Add synchronization to wait for outstanding tasks in the compaction executor and nonPeriodicTasks during CassandraDaemon setup

    XMLWordPrintableJSON

Details

    • Improvement
    • Status: Open
    • Normal
    • Resolution: Unresolved
    • 3.11.x, 4.0.x
    • Local/Compaction
    • None
    • Operability
    • Normal
    • All
    • None

    Description

      We have been testing Cassandra 3.11.10 for a while. During a node start, we found that a synchronization guarantee implied by the code comments is not enforced. Specifically, in the `invalidate` method called in this call stack (in version 3.11.10):

      org.apache.cassandra.service.CassandraDaemon#main:786
      org.apache.cassandra.service.CassandraDaemon#activate:633
      org.apache.cassandra.service.CassandraDaemon#setup:261
      org.apache.cassandra.schema.LegacySchemaMigrator#migrate:83
      org.apache.cassandra.schema.LegacySchemaMigrator#unloadLegacySchemaTables:137
      java.lang.Iterable#forEach:75
      org.apache.cassandra.schema.LegacySchemaMigrator#lambda$unloadLegacySchemaTables$1:137
      org.apache.cassandra.db.ColumnFamilyStore#invalidate:542 

      In line 564~570 within `public void invalidate(boolean expectMBean)`:

              latencyCalculator.cancel(false);
              compactionStrategyManager.shutdown();
              SystemKeyspace.removeTruncationRecord(metadata.cfId);  // line 566
      
              data.dropSSTables();                                   // line 568
              LifecycleTransaction.waitForDeletions();               // line 569
              indexManager.invalidateAllIndexesBlocking();
      

      According to the code and the comments, we suppose `data.dropSSTables()` in line 568 will submit some tidier tasks to the `nonPeriodicTasks` thread pool. Call stack in version 3.11.10:

      org.apache.cassandra.db.lifecycle.Tracker#dropSSTables:233
      org.apache.cassandra.db.lifecycle.Tracker#dropSSTables:238
      org.apache.cassandra.db.lifecycle.Tracker#dropSSTables:267
      org.apache.cassandra.utils.concurrent.Refs#release:241
      org.apache.cassandra.utils.concurrent.Ref#release:119
      org.apache.cassandra.utils.concurrent.Ref#release:225
      org.apache.cassandra.utils.concurrent.Ref#release:326
      org.apache.cassandra.io.sstable.format.SSTableReader$InstanceTidier#tidy:2205 

      Then, `LifecycleTransaction.waitForDeletions()` in line 569 is

          /**
           * Deletions run on the nonPeriodicTasks executor, (both failedDeletions or global tidiers in SSTableReader)
           * so by scheduling a new empty task and waiting for it we ensure any prior deletion has completed.
           */
          public static void waitForDeletions()
          {
              LogTransaction.waitForDeletions();
          }
      

      And then call `waitForDeletions` in `LogTransaction`:

          static void waitForDeletions()
          {
              FBUtilities.waitOnFuture(ScheduledExecutors.nonPeriodicTasks.schedule(Runnables.doNothing(), 0, TimeUnit.MILLISECONDS));
          }
      

      From the comments, we think it ensures that all existing tasks in `nonPeriodicTasks` are drained. However, we found some tidier tasks are still running in `nonPeriodicTasks` thread pool.

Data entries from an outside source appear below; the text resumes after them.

(* Let $f:[0,\infty)\to\mathbb{C}$ be smooth with support in $[0,\rho]$ for some $\rho<1$. For $i,j\in\mathbb{N}_0$ and $t\in(0,1)$ let $$G_{i,j}(t)=\int_{1-t}^{1}u f(u)\,[Q(t,u)]^{i}\,(u^{2}+1-t^{2})^{j}\,\mathrm{d}u,\qquad Q(t,u)=((1+t)^2-u^2)(u^2-(1-t)^2).$$ Then for every $r\in\mathbb{N}_0$ and every $m\in\mathbb{N}_0$, $$\sum_{l=0}^{\lfloor r/2\rfloor}\frac{2^{2l}\,r!}{l!\,(r-2l)!}\frac{(m+r)!}{(m+r-l)!}\,[D^{r-2l}G_{m+r-l,0}](t)=4^{r}(m+1)\cdots(m+r)\,G_{m,r}(t),\qquad t\in(0,1).$$
   Context: $D$ denotes the operator $(D\varphi)(t)=\frac{1}{t}\varphi'(t)$ and $D^{j}$ its $j$-fold iterate ($D^0$ the identity); $\lfloor\cdot\rfloor$ is the floor function; the empty product $(m+1)\cdots(m+r)$ for $r=0$ equals $1$. *)

theory Defs
  imports "HOL-Analysis.Analysis"
begin

definition smooth_on_nonneg :: "(real \<Rightarrow> complex) \<Rightarrow> bool" where
  "smooth_on_nonneg f \<longleftrightarrow>
     (\<exists>Df :: nat \<Rightarrow> real \<Rightarrow> complex. Df 0 = f \<and>
        (\<forall>k. \<forall>x\<ge>0. (Df k has_vector_derivative Df (Suc k) x) (at x within {0..})))"

definition Qfun :: "real \<Rightarrow> real \<Rightarrow> real" where
  "Qfun t u = ((1 + t)^2 - u^2) * (u^2 - (1 - t)^2)"

definition Gfun :: "(real \<Rightarrow> complex) \<Rightarrow> nat \<Rightarrow> nat \<Rightarrow> real \<Rightarrow> complex" where
  "Gfun f i j t = integral {1 - t..1}
     (\<lambda>u. complex_of_real u * f u * complex_of_real (Qfun t u) ^ i
           * complex_of_real (u^2 + 1 - t^2) ^ j)"

definition Dop :: "(real \<Rightarrow> complex) \<Rightarrow> real \<Rightarrow> complex" where
  "Dop \<phi> t = vector_derivative \<phi> (at t) / complex_of_real t"

end

theory Submission
  imports Defs "HOL-Computational_Algebra.Polynomial"
begin

text \<open>Differentiating under the integral sign gives
  \<open>G'_{a,b}(t) = t (4a G_{a-1,b+1}(t) - 2b G_{a,b-1}(t))\<close> for \<open>a \<ge> 1\<close>: the boundary term from the
  moving endpoint \<open>u = 1 - t\<close> vanishes because \<open>Q(t, 1 - t) = 0\<close>. Hence \<open>D\<close> maps combinations
  of the \<open>G_{a,b}\<close> with \<open>a \<ge> n + 1\<close> to combinations with \<open>a \<ge> n\<close>, so every \<open>D^k G_{n,0}\<close> with
  \<open>k < n\<close> is differentiable on \<open>(0,1)\<close> and \<open>D\<close> acts linearly on the left-hand side \<open>F_{r,m}\<close>.
  The coefficient identity \<open>c(r+1,m,l) = c(r,m+1,l) + 8r(m+r+1) c(r-1,m+1,l-1)\<close> turns this into
  \<open>F_{r+1,m} = D F_{r,m+1} + 8r(m+r+1) F_{r-1,m+1}\<close>, and induction on \<open>r\<close> gives
  \<open>F_{r,m} = 4^r (m+1)...(m+r) G_{m,r}\<close>.\<close>

section \<open>Differentiating parameter integrals\<close>

lemma has_vector_derivative_integral_reflected_lower:
  fixes h :: "real \<Rightarrow> 'a::banach"
  assumes h: "continuous_on {0..1} h" and t: "0 < t" "t < 1"
  shows "((\<lambda>s. integral {1 - s..1} h) has_vector_derivative h (1 - t)) (at t)"
proof -
  have "((\<lambda>s. 1 - s) has_vector_derivative - 1) (at t)"
    by (auto intro!: derivative_eq_intros)
  moreover have "((\<lambda>x. integral {x..1} h) has_vector_derivative - h (1 - t)) (at (1 - t))"
    using integral_has_vector_derivative'[OF h, of "1 - t"] at_within_Icc_at[of 0 "1 - t" 1] t
    by simp
  ultimately have "((\<lambda>x. integral {x..1} h) \<circ> (\<lambda>s. 1 - s) has_vector_derivative (- 1) *\<^sub>R - h (1 - t)) (at t)"
    by (rule vector_diff_chain_at)
  then show ?thesis
    by (simp add: o_def)
qed

lemma poly_eq_sum_atMost:
  fixes p :: "'a::comm_semiring_1 poly"
  assumes "degree p \<le> N"
  shows "poly p x = (\<Sum>k\<le>N. coeff p k * x ^ k)"
  unfolding poly_altdef
  by (rule sum.mono_neutral_left) (use assms in \<open>auto intro: le_degree\<close>)

lemma poly_pderiv_eq_sum_atMost:
  fixes p :: "real poly"
  assumes "degree p \<le> N"
  shows "poly (pderiv p) x = (\<Sum>k\<le>N. coeff p k * (real k * x ^ (k - 1)))"
proof -
  have "((\<lambda>x. \<Sum>k\<le>N. coeff p k * x ^ k) has_real_derivative
          (\<Sum>k\<le>N. coeff p k * (real k * x ^ (k - 1)))) (at x)"
    by (intro DERIV_sum DERIV_cmult) (auto intro!: derivative_eq_intros)
  moreover have "(\<lambda>x. \<Sum>k\<le>N. coeff p k * x ^ k) = poly p"
    using poly_eq_sum_atMost[OF assms] by auto
  ultimately show ?thesis
    using DERIV_unique poly_DERIV by metis
qed

definition continuous_coeffs :: "('a::topological_space \<Rightarrow> real poly) \<Rightarrow> bool" where
  "continuous_coeffs p \<longleftrightarrow> (\<forall>k. continuous_on UNIV (\<lambda>u. coeff (p u) k))"

lemma continuous_coeffs_zero: "continuous_coeffs (\<lambda>u. 0)"
  by (simp add: continuous_coeffs_def)
class complex_banach_algebra = real_normed_algebra + banach +
  fixes scaleC :: "complex \<Rightarrow> 'a \<Rightarrow> 'a"
  assumes scaleC_add_right: "scaleC c (x + y) = scaleC c x + scaleC c y"
    and scaleC_add_left: "scaleC (c + d) x = scaleC c x + scaleC d x"
    and scaleC_scaleC: "scaleC c (scaleC d x) = scaleC (c * d) x"
    and scaleC_one: "scaleC 1 x = x"
    and scaleC_of_real: "scaleC (complex_of_real r) x = scaleR r x"
    and norm_scaleC: "norm (scaleC c x) = cmod c * norm x"
    and mult_scaleC_left: "scaleC c x * y = scaleC c (x * y)"
    and mult_scaleC_right: "x * scaleC c y = scaleC c (x * y)"

definition clinear_functional :: "('a::complex_banach_algebra \<Rightarrow> complex) \<Rightarrow> bool" where
  "clinear_functional f \<longleftrightarrow> (\<forall>x y. f (x + y) = f x + f y) \<and> (\<forall>c x. f (scaleC c x) = c * f x)"

definition dual_space :: "('a::complex_banach_algebra \<Rightarrow> complex) set" where
  "dual_space = {f. clinear_functional f \<and> (\<exists>K. \<forall>x. cmod (f x) \<le> K * norm x)}"

definition dual_norm :: "('a::complex_banach_algebra \<Rightarrow> complex) \<Rightarrow> real" where
  "dual_norm f = Sup {cmod (f x) | x. norm x \<le> 1}"

text \<open>Dual module actions on A^*:  <x, f.a> = <a.x, f>,  <x, a.f> = <x.a, f>.\<close>

definition fact_r :: "('a::complex_banach_algebra \<Rightarrow> complex) \<Rightarrow> 'a \<Rightarrow> ('a \<Rightarrow> complex)" where
  "fact_r f a = (\<lambda>x. f (a * x))"

definition fact_l :: "'a::complex_banach_algebra \<Rightarrow> ('a \<Rightarrow> complex) \<Rightarrow> ('a \<Rightarrow> complex)" where
  "fact_l a f = (\<lambda>x. f (x * a))"

text \<open>Apre plays the role of the predual A_*: a norm-closed A-submodule of A^*
  such that the canonical map A -> (A_*)^*, a |-> (f |-> f a), is a surjective
  isometry.\<close>

definition dual_Banach_algebra :: "('a::complex_banach_algebra \<Rightarrow> complex) set \<Rightarrow> bool" where
  "dual_Banach_algebra Apre \<longleftrightarrow>
     Apre \<subseteq> dual_space
   \<and> (\<lambda>_. 0) \<in> Apre
   \<and> (\<forall>f\<in>Apre. \<forall>g\<in>Apre. (\<lambda>x. f x + g x) \<in> Apre)
   \<and> (\<forall>f\<in>Apre. \<forall>c. (\<lambda>x. c * f x) \<in> Apre)
   \<and> (\<forall>f\<in>Apre. \<forall>a. fact_r f a \<in> Apre \<and> fact_l a f \<in> Apre)
   \<and> (\<forall>f\<in>dual_space. (\<forall>e>0. \<exists>g\<in>Apre. dual_norm (\<lambda>x. f x - g x) < e) \<longrightarrow> f \<in> Apre)
   \<and> (\<forall>a. norm a = Sup {cmod (f a) | f. f \<in> Apre \<and> dual_norm f \<le> 1})
   \<and> (\<forall>\<Phi> :: ('a \<Rightarrow> complex) \<Rightarrow> complex.
        ((\<forall>f\<in>Apre. \<forall>g\<in>Apre. \<Phi> (\<lambda>x. f x + g x) = \<Phi> f + \<Phi> g)
         \<and> (\<forall>f\<in>Apre. \<forall>c. \<Phi> (\<lambda>x. c * f x) = c * \<Phi> f)
         \<and> (\<exists>K. \<forall>f\<in>Apre. cmod (\<Phi> f) \<le> K * dual_norm f))
        \<longrightarrow> (\<exists>a. \<forall>f\<in>Apre. \<Phi> f = f a))"

definition weak_topology_by :: "('b \<Rightarrow> complex) set \<Rightarrow> 'b topology" where
  "weak_topology_by F =
     topology_generated_by ({UNIV} \<union> {{x. \<Phi> x \<in> U} | \<Phi> U. \<Phi> \<in> F \<and> open U})"

abbreviation weak_star_top :: "('a::complex_banach_algebra \<Rightarrow> complex) set \<Rightarrow> 'a topology" where
  "weak_star_top Apre \<equiv> weak_topology_by Apre"

definition bidual_space :: "(('a::complex_banach_algebra \<Rightarrow> complex) \<Rightarrow> complex) set" where
  "bidual_space = {\<Phi>.
      (\<forall>f\<in>dual_space. \<forall>g\<in>dual_space. \<Phi> (\<lambda>x. f x + g x) = \<Phi> f + \<Phi> g)
    \<and> (\<forall>f\<in>dual_space. \<forall>c. \<Phi> (\<lambda>x. c * f x) = c * \<Phi> f)
    \<and> (\<exists>K. \<forall>f\<in>dual_space. cmod (\<Phi> f) \<le> K * dual_norm f)}"

definition swc_dual :: "('a::complex_banach_algebra \<Rightarrow> complex) set \<Rightarrow> ('a \<Rightarrow> complex) set" where
  "swc_dual Apre = {f \<in> dual_space.
      continuous_map (weak_star_top Apre) (subtopology (weak_topology_by bidual_space) dual_space)
        (\<lambda>a. fact_l a f)
    \<and> continuous_map (weak_star_top Apre) (subtopology (weak_topology_by bidual_space) dual_space)
        (\<lambda>a. fact_r f a)}"

text \<open>(A \<hat>\<otimes> A)^* is identified (isometrically) with the bounded complex bilinear
  forms on A x A, with norm sup over the product of unit balls.\<close>

definition bil_dual :: "('a::complex_banach_algebra \<Rightarrow> 'a \<Rightarrow> complex) set" where
  "bil_dual = {T. (\<forall>b. clinear_functional (\<lambda>c. T b c)) \<and> (\<forall>c. clinear_functional (\<lambda>b. T b c))
                 \<and> (\<exists>K. \<forall>b c. cmod (T b c) \<le> K * norm b * norm c)}"

definition bil_norm :: "('a::complex_banach_algebra \<Rightarrow> 'a \<Rightarrow> complex) \<Rightarrow> real" where
  "bil_norm T = Sup {cmod (T b c) | b c. norm b \<le> 1 \<and> norm c \<le> 1}"

text \<open>Dual actions on (A\<hat>\<otimes>A)^*, where a.(b\<otimes>c) = ab\<otimes>c and (b\<otimes>c).a = b\<otimes>ca:
  (T.a)(b,c) = T(ab,c),  (a.T)(b,c) = T(b,ca).\<close>

definition tact_r :: "('a::complex_banach_algebra \<Rightarrow> 'a \<Rightarrow> complex) \<Rightarrow> 'a \<Rightarrow> ('a \<Rightarrow> 'a \<Rightarrow> complex)" where
  "tact_r T a = (\<lambda>b c. T (a * b) c)"

definition tact_l :: "'a::complex_banach_algebra \<Rightarrow> ('a \<Rightarrow> 'a \<Rightarrow> complex) \<Rightarrow> ('a \<Rightarrow> 'a \<Rightarrow> complex)" where
  "tact_l a T = (\<lambda>b c. T b (c * a))"

definition bil_bidual :: "(('a::complex_banach_algebra \<Rightarrow> 'a \<Rightarrow> complex) \<Rightarrow> complex) set" where
  "bil_bidual = {m.
      (\<forall>S\<in>bil_dual. \<forall>T\<in>bil_dual. m (\<lambda>b c. S b c + T b c) = m S + m T)
    \<and> (\<forall>T\<in>bil_dual. \<forall>z. m (\<lambda>b c. z * T b c) = z * m T)
    \<and> (\<exists>K. \<forall>T\<in>bil_dual. cmod (m T) \<le> K * bil_norm T)}"

definition swc_bil_dual :: "('a::complex_banach_algebra \<Rightarrow> complex) set \<Rightarrow> ('a \<Rightarrow> 'a \<Rightarrow> complex) set" where
  "swc_bil_dual Apre = {T \<in> bil_dual.
      continuous_map (weak_star_top Apre) (subtopology (weak_topology_by bil_bidual) bil_dual)
        (\<lambda>a. tact_l a T)
    \<and> continuous_map (weak_star_top Apre) (subtopology (weak_topology_by bil_bidual) bil_dual)
        (\<lambda>a. tact_r T a)}"

text \<open>i_{A_*}^* \<pi>_A^{**}(m), viewed as an element of A = (A_*)^*: the unique x with
  f x = <\<pi>_A^* f, m> = m((b,c) |-> f(bc)) for all f in A_*.\<close>

definition diag_image :: "('a::complex_banach_algebra \<Rightarrow> complex) set \<Rightarrow> (('a \<Rightarrow> 'a \<Rightarrow> complex) \<Rightarrow> complex) \<Rightarrow> 'a" where
  "diag_image Apre m = (THE x. \<forall>f\<in>Apre. f x = m (\<lambda>b c. f (b * c)))"

text \<open>A net (m_\<alpha>) in (A\<hat>\<otimes>A)^{**} is encoded
  as a proper filter F on (A\<hat>\<otimes>A)^{**} (nets and proper filters give the same
  notion of "there is a net such that ..."): eventually m is in the bidual and
  satisfies <T, a.m> = <T, m.a> for T in sigma wc, i.e. m(T.a) = m(a.T); and
  diag_image m * a \<rightarrow> a in norm for all a.\<close>

definition Johnson_pseudo_Connes_amenable :: "('a::complex_banach_algebra \<Rightarrow> complex) set \<Rightarrow> bool" where
  "Johnson_pseudo_Connes_amenable Apre \<longleftrightarrow>
     (\<exists>F :: (('a \<Rightarrow> 'a \<Rightarrow> complex) \<Rightarrow> complex) filter.
        F \<noteq> bot
      \<and> (\<forall>\<^sub>F m in F. m \<in> bil_bidual
           \<and> (\<forall>a. \<forall>T\<in>swc_bil_dual Apre. m (tact_r T a) = m (tact_l a T)))
      \<and> (\<forall>a. ((\<lambda>m. diag_image Apre m * a) \<longlongrightarrow> a) F))"
lemma mu_nonzero: "r \<ge> 1 \<Longrightarrow> a \<in> mu r \<Longrightarrow> a \<noteq> 0"
  unfolding mu_def by (cases r) auto

lemma keys_W [simp]: "Poly_Mapping.keys (W w) = {w}"
  by (simp add: W_def)

lemma W_in_Alg_iff: "W w \<in> Alg r \<longleftrightarrow> (\<forall>t. Y t \<in> set w \<longrightarrow> t \<in> mu r)"
  by (simp add: Alg_def W_def)

lemma W_key_in_Alg: "p \<in> Alg r \<Longrightarrow> w \<in> Poly_Mapping.keys p \<Longrightarrow> W w \<in> Alg r"
  by (simp add: Alg_def W_in_Alg_iff)

lemma index_prod_in_mu: "W u \<in> Alg r \<Longrightarrow> index_prod u \<in> mu r"
  by (induction u rule: index_prod.induct) (auto simp: W_in_Alg_iff one_in_mu mu_mult)

lemma Alg_add: "p \<in> Alg r \<Longrightarrow> q \<in> Alg r \<Longrightarrow> p + q \<in> Alg r"
  using keys_add[of p q] by (auto simp: Alg_def)

lemma Alg_diff: "p \<in> Alg r \<Longrightarrow> q \<in> Alg r \<Longrightarrow> p - q \<in> Alg r"
  using keys_diff[of p q] by (auto simp: Alg_def)

lemma Alg_uminus: "p \<in> Alg r \<Longrightarrow> - p \<in> Alg r"
  by (simp add: Alg_def)

lemma Alg_lin: "(\<And>w. w \<in> Poly_Mapping.keys p \<Longrightarrow> F w \<in> Alg r) \<Longrightarrow> lin F p \<in> Alg r"
  using keys_lin[of F p] unfolding Alg_def by blast

lemma lin_in_psi_image:
  assumes "\<And>w. w \<in> Poly_Mapping.keys p \<Longrightarrow> F w \<in> psi s ` Alg r"
  shows "lin F p \<in> psi s ` Alg r"
proof -
  have "\<forall>w\<in>Poly_Mapping.keys p. \<exists>x. x \<in> Alg r \<and> F w = psi s x"
    using assms by blast
  then obtain G where G: "\<forall>w\<in>Poly_Mapping.keys p. G w \<in> Alg r \<and> F w = psi s (G w)"
    by (rule bchoice[THEN exE])
  have "lin F p = lin (\<lambda>w. psi s (G w)) p"
    using G by (blast intro: lin_cong)
  also have "\<dots> = psi s (lin G p)"
    by (rule linear_op_lin_comp[OF linear_op_psi, symmetric])
  finally show ?thesis
    using G Alg_lin[of p G r] by blast
qed

lemma psi_W_mult_letter_in_psi_image:
  assumes r: "r \<ge> 1" and s: "s \<in> mu r" and u: "W u \<in> Alg r" and a: "W [a] \<in> Alg r"
  shows "psi s (W u) * W [a] \<in> psi s ` Alg r"
proof -
  define l where "l = s * index_prod u"
  have l_mu: "l \<in> mu r"
    unfolding l_def by (rule mu_mult[OF s index_prod_in_mu[OF u]])
  then have l: "l \<in> mu r" "l \<noteq> 0"
    using mu_nonzero[OF r] by auto
  have psi_Y: "psi s (W (u @ [Y c])) = psi s (W u) * phi_letter (Y (l * c))" for c
    using psi_snoc_Y[OF homogeneous_W, of s u c] by (simp add: W_append l_def)
  have Alg_Y: "W (u @ [Y (c / l)]) \<in> Alg r" if "c \<in> mu r" for c
    using u that l mu_divide by (auto simp: W_in_Alg_iff)
  have Y1: "psi s (W u) * W [Y 1] = psi s (- W (u @ [Y (1 / l)]))"
    using psi_Y[of "1 / l"] l by (simp add: phi_letter_Y1 psi_uminus)
  show ?thesis
  proof (cases a)
    case X
    have "psi s (W u) * W [a] = psi s (W (u @ [X]) + W (u @ [Y (1 / l)]))"
      using X Y1 psi_snoc_X[of s "W u"]
      by (simp add: psi_add psi_uminus W_append phi_letter.simps(1) distrib_left)
    moreover have "W (u @ [X]) + W (u @ [Y (1 / l)]) \<in> Alg r"
      using u Alg_Y[OF one_in_mu] by (auto simp: W_in_Alg_iff intro: Alg_add)
    ultimately show ?thesis by blast
  next
    case (Y t)
    have t: "t \<in> mu r"
      using a Y by (simp add: W_in_Alg_iff)
    have "psi s (W u) * W [a] = psi s (W (u @ [Y (t / l)]) - W (u @ [Y (1 / l)]))" if "t \<noteq> 1"
      using Y Y1 psi_Y[of "t / l"] l that
      by (simp add: psi_diff psi_uminus phi_letter_Y right_diff_distrib)
    moreover have "W (u @ [Y (t / l)]) - W (u @ [Y (1 / l)]) \<in> Alg r"
      using Alg_Y[OF t] Alg_Y[OF one_in_mu] by (rule Alg_diff)
    moreover have "- W (u @ [Y (1 / l)]) \<in> Alg r"
      using Alg_Y[OF one_in_mu] by (rule Alg_uminus)
    ultimately show ?thesis
      using Y Y1 by (cases "t = 1") auto
  qed
qed

lemma W_in_psi_image:
  assumes "r \<ge> 1" and "s \<in> mu r"
  shows "W w \<in> Alg r \<Longrightarrow> W w \<in> psi s ` Alg r"
proof (induction w rule: rev_induct)
  case Nil
  have "psi s (W []) = W []" and "W [] \<in> Alg r"
    by (simp_all add: psi_W W_in_Alg_iff)
  then show ?case by (metis image_eqI)
next
  case (snoc a w)
  have w: "W w \<in> Alg r" and a: "W [a] \<in> Alg r"
    using snoc.prems by (auto simp: W_in_Alg_iff)
  then obtain x where x: "x \<in> Alg r" "W w = psi s x"
    using snoc.IH by blast
  have "W (w @ [a]) = psi s x * W [a]"
    by (simp add: x(2) W_append[symmetric])
  also have "\<dots> = lin (\<lambda>u. psi s (W u) * W [a]) x"
    by (rule psi_mult_W)
  also have "\<dots> \<in> psi s ` Alg r"
    by (rule lin_in_psi_image)
      (rule psi_W_mult_letter_in_psi_image[OF assms W_key_in_Alg[OF x(1)] a])
  finally show ?case .
qed

lemma Alg_subset_psi_image:
  assumes "r \<ge> 1" and "s \<in> mu r"
  shows "Alg r \<subseteq> psi s ` Alg r"
proof
  fix w assume "w \<in> Alg r"
  then have "lin W w \<in> psi s ` Alg r"
    by (intro lin_in_psi_image W_in_psi_image[OF assms] W_key_in_Alg)
  then show "w \<in> psi s ` Alg r" by (simp add: lin_W_id)
qed
lemma equal_neighbor_degree:
  assumes "equal_neighbor n A"
  obtains d where "stochastic n A" "reversible n A d" "\<And>i. i < n \<Longrightarrow> 1 \<le> d i"
    "\<And>i j. i < n \<Longrightarrow> j < n \<Longrightarrow> d i * A i j \<le> 1"
proof -
  obtain W where sym: "\<forall>i<n. \<forall>j<n. W i j = W j i" and ne: "\<forall>i<n. \<exists>j<n. W i j"
    and A: "\<forall>i<n. \<forall>j<n. A i j = (if W i j then 1 / real (card {l. l < n \<and> W i l}) else 0)"
    using assms unfolding equal_neighbor_def by blast
  define d where "d i = real (card {l. l < n \<and> W i l})" for i
  have d_ge_1: "1 \<le> d i" if "i < n" for i
    using ne that unfolding d_def by (auto simp: Suc_le_eq card_gt_0_iff)
  have d_sum: "d i = (\<Sum>j<n. if W i j then 1 else 0)" for i
    unfolding d_def by (simp add: sum.If_cases Int_def conj_commute)
  have dA: "d i * A i j = (if W i j then 1 else 0)" if "i < n" "j < n" for i j
    using A d_ge_1[OF that(1)] that unfolding d_def by auto
  show ?thesis
  proof
    show "stochastic n A"
      unfolding stochastic_def
    proof (intro conjI allI impI)
      fix i assume i: "i < n"
      have "(\<Sum>j<n. A i j) = (\<Sum>j<n. (if W i j then 1 else 0) / d i)"
        using dA[OF i] d_ge_1[OF i] by (intro sum.cong) (auto simp: eq_divide_eq mult.commute)
      also have "\<dots> = 1"
        using d_ge_1[OF i] by (simp flip: sum_divide_distrib d_sum)
      finally show "(\<Sum>j<n. A i j) = 1" .
    qed (use A in auto)
    show "reversible n A d"
      unfolding reversible_def using d_ge_1 dA sym by (auto simp: less_le_trans[OF zero_less_one])
  qed (use d_ge_1 dA in auto)
qed

lemma equal_neighbor_stochastic: "equal_neighbor n A \<Longrightarrow> stochastic n A"
  by (erule equal_neighbor_degree)

lemma sum_weighted_square_le:
  fixes w f :: "'a \<Rightarrow> real"
  assumes "\<And>i. i \<in> I \<Longrightarrow> 0 \<le> w i"
  shows "(\<Sum>i\<in>I. w i * f i)\<^sup>2 \<le> (\<Sum>i\<in>I. w i) * (\<Sum>i\<in>I. w i * (f i)\<^sup>2)"
proof -
  have "(\<Sum>i\<in>I. w i * f i) = (\<Sum>i\<in>I. sqrt (w i) * (sqrt (w i) * f i))"
    using assms by (intro sum.cong) (auto simp flip: mult.assoc)
  moreover have "(\<Sum>i\<in>I. (sqrt (w i))\<^sup>2) = (\<Sum>i\<in>I. w i)"
    and "(\<Sum>i\<in>I. (sqrt (w i) * f i)\<^sup>2) = (\<Sum>i\<in>I. w i * (f i)\<^sup>2)"
    using assms by (auto intro!: sum.cong simp: power_mult_distrib)
  ultimately show ?thesis
    using Cauchy_Schwarz_ineq_sum[of "\<lambda>i. sqrt (w i)" "\<lambda>i. sqrt (w i) * f i" I] by simp
qed

lemma col_sum_mat_pow_Suc:
  "col_sum n (mat_pow n A (Suc k)) j = (\<Sum>l<n. col_sum n (mat_pow n A k) l * A l j)"
  unfolding col_sum_def by (simp add: sum_distrib_right) (rule sum.swap)

lemma mat_pow_nonneg:
  assumes "stochastic n A" "j < n"
  shows "0 \<le> mat_pow n A k i j"
  using assms(2)
proof (induction k arbitrary: j)
  case (Suc k)
  then show ?case
    using assms(1) by (auto simp: stochastic_def intro!: sum_nonneg mult_nonneg_nonneg)
qed simp

declare mat_pow.simps(2) [simp del]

      We suspect that those tidier tasks should be guaranteed to finish during server setup, because of its exception handling. In version 3.11.10, these tidier tasks are submitted to `nonPeriodicTasks` in `SSTableReader$InstanceTidier#tidy:2205`, and have the exception handling `FileUtils.handleFSErrorAndPropagate(new FSWriteError(e, file))` (within the call stack `SSTableReader$InstanceTidier$1#run:2223` => `LogTransaction$SSTableTidier#run:386` => `LogTransaction#delete:261`).

      The `FileUtils.handleFSErrorAndPropagate` handles this `FSWriteError`. We found that it checks the `CassandraDaemon.setupCompleted` flag in call stack within (`FileUtils#handleFSErrorAndPropagate:507` => `JVMStabilityInspector#inspectThrowable:60` => `JVMStabilityInspector#inspectThrowable:106` => `JVMStabilityInspector#inspectDiskError:73` => `FileUtils#handleFSError:494` => `DefaultFSErrorHandler:handleFSError:58`)

              if (!StorageService.instance.isDaemonSetupCompleted())  // line 58
                  handleStartupFSError(e);                            // line 59
      

      The `handleStartupFSError` in line 59 will trigger server crash immediately. It prevents the faulty state early in the startup phase. On the other hand, if the `CassandraDaemon.setupCompleted` flag is set, we found that the server tolerates the exception, even in the stop mode in `disk_failure_policy`.

      Since those tidier tasks still appear after `LifecycleTransaction.waitForDeletions()`, we did more experiments to further confirm that if those tasks got exceptions after the `CassandraDaemon.setupCompleted` flag is set, the server will suffer from some internal issues, e.g., fail to handle table read/write. Therefore, we suspect there could be some concurrency issues — some tidier tasks are not waited.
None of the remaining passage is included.